(Records contained in a dataset)
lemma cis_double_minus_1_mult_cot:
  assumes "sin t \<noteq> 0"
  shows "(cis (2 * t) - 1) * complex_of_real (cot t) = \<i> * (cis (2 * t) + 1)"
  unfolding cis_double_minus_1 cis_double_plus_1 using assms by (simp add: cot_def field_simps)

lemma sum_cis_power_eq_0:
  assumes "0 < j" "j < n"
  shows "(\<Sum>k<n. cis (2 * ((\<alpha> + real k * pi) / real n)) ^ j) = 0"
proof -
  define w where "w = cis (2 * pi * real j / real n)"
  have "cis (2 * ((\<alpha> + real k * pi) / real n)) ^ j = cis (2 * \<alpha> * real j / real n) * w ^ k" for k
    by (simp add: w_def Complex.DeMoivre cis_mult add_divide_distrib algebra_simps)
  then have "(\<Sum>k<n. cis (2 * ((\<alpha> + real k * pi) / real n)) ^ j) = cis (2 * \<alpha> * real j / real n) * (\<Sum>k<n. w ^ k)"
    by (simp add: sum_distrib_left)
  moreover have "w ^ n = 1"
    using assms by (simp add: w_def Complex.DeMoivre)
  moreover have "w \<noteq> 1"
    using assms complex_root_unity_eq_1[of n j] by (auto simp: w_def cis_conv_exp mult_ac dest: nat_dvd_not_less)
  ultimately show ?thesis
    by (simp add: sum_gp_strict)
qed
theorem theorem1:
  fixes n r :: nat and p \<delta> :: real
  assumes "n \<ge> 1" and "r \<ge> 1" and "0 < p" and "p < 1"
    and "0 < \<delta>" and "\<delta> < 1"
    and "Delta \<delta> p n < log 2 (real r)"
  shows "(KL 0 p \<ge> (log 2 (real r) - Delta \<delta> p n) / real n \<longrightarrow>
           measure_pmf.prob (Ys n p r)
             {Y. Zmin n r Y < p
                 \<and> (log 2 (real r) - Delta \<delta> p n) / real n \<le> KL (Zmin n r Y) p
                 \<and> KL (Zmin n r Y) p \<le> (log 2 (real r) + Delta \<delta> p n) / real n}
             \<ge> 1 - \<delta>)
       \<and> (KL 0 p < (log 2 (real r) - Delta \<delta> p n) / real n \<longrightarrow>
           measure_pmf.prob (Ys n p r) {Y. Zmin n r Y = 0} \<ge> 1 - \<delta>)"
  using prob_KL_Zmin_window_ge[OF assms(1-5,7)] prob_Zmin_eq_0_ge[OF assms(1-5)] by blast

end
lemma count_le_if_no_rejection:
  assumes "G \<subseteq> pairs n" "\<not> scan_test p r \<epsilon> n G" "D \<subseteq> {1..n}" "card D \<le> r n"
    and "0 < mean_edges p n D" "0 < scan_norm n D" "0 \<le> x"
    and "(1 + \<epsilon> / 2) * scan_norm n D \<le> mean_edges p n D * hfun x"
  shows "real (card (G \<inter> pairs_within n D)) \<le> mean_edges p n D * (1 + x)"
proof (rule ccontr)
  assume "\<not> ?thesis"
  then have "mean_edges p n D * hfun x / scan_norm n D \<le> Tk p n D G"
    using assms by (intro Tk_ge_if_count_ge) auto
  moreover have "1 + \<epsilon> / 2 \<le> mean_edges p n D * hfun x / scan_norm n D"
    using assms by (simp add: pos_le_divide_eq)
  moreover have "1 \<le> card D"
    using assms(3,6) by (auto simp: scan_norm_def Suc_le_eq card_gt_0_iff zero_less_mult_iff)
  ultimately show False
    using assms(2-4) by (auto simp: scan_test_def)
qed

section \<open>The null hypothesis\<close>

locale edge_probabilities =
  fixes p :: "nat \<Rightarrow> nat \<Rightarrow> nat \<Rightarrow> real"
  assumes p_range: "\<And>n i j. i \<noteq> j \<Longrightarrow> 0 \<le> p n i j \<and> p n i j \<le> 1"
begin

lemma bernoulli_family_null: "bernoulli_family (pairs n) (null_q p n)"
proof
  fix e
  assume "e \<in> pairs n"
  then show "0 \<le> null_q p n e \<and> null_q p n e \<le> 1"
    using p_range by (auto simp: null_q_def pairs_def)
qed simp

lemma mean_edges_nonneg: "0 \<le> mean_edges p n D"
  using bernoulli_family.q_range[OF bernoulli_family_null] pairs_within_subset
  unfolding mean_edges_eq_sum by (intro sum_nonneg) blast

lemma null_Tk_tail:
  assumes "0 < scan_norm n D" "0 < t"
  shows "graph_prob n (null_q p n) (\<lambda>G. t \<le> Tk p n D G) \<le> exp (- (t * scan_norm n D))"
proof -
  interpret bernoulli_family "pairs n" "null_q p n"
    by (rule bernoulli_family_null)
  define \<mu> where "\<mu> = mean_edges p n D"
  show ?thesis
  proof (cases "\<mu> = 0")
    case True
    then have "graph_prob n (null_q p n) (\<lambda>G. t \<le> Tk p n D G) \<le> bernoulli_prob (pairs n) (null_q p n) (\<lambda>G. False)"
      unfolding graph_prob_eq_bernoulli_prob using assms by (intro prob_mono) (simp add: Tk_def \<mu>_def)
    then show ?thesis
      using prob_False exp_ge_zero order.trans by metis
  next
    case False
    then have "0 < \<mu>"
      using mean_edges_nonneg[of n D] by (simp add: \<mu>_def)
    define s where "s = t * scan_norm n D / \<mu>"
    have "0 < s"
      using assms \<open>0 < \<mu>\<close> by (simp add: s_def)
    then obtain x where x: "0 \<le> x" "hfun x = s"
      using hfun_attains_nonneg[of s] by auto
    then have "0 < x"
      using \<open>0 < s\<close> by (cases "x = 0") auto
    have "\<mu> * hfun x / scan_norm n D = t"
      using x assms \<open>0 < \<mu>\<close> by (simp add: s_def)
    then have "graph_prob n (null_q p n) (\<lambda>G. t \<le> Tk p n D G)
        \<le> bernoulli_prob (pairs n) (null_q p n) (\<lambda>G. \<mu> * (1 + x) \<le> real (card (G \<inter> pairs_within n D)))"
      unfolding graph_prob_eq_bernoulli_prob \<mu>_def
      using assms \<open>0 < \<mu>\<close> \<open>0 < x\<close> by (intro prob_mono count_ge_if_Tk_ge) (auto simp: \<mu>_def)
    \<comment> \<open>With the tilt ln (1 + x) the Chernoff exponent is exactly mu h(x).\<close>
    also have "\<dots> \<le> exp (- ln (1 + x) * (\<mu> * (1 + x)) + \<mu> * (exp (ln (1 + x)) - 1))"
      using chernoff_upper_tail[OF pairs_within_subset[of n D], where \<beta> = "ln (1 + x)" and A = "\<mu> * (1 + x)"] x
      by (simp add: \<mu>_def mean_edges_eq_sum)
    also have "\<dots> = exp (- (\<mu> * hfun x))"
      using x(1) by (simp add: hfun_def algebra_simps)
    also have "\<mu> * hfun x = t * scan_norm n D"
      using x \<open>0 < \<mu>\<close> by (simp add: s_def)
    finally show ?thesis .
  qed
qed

WORK INSTRUCTION ::
Copy from the entries above each line in which the string "auto" can be found.

WRITTEN RESPONSE ::
    using assms complex_root_unity_eq_1[of n j] by (auto simp: w_def cis_conv_exp mult_ac dest: nat_dvd_not_less)
    using assms by (intro Tk_ge_if_count_ge) auto
    using assms(3,6) by (auto simp: scan_norm_def Suc_le_eq card_gt_0_iff zero_less_mult_iff)
    using assms(2-4) by (auto simp: scan_test_def)
    using p_range by (auto simp: null_q_def pairs_def)
      using hfun_attains_nonneg[of s] by auto
      using \<open>0 < s\<close> by (cases "x = 0") auto
      using assms \<open>0 < \<mu>\<close> \<open>0 < x\<close> by (intro prob_mono count_ge_if_Tk_ge) (auto simp: \<mu>_def)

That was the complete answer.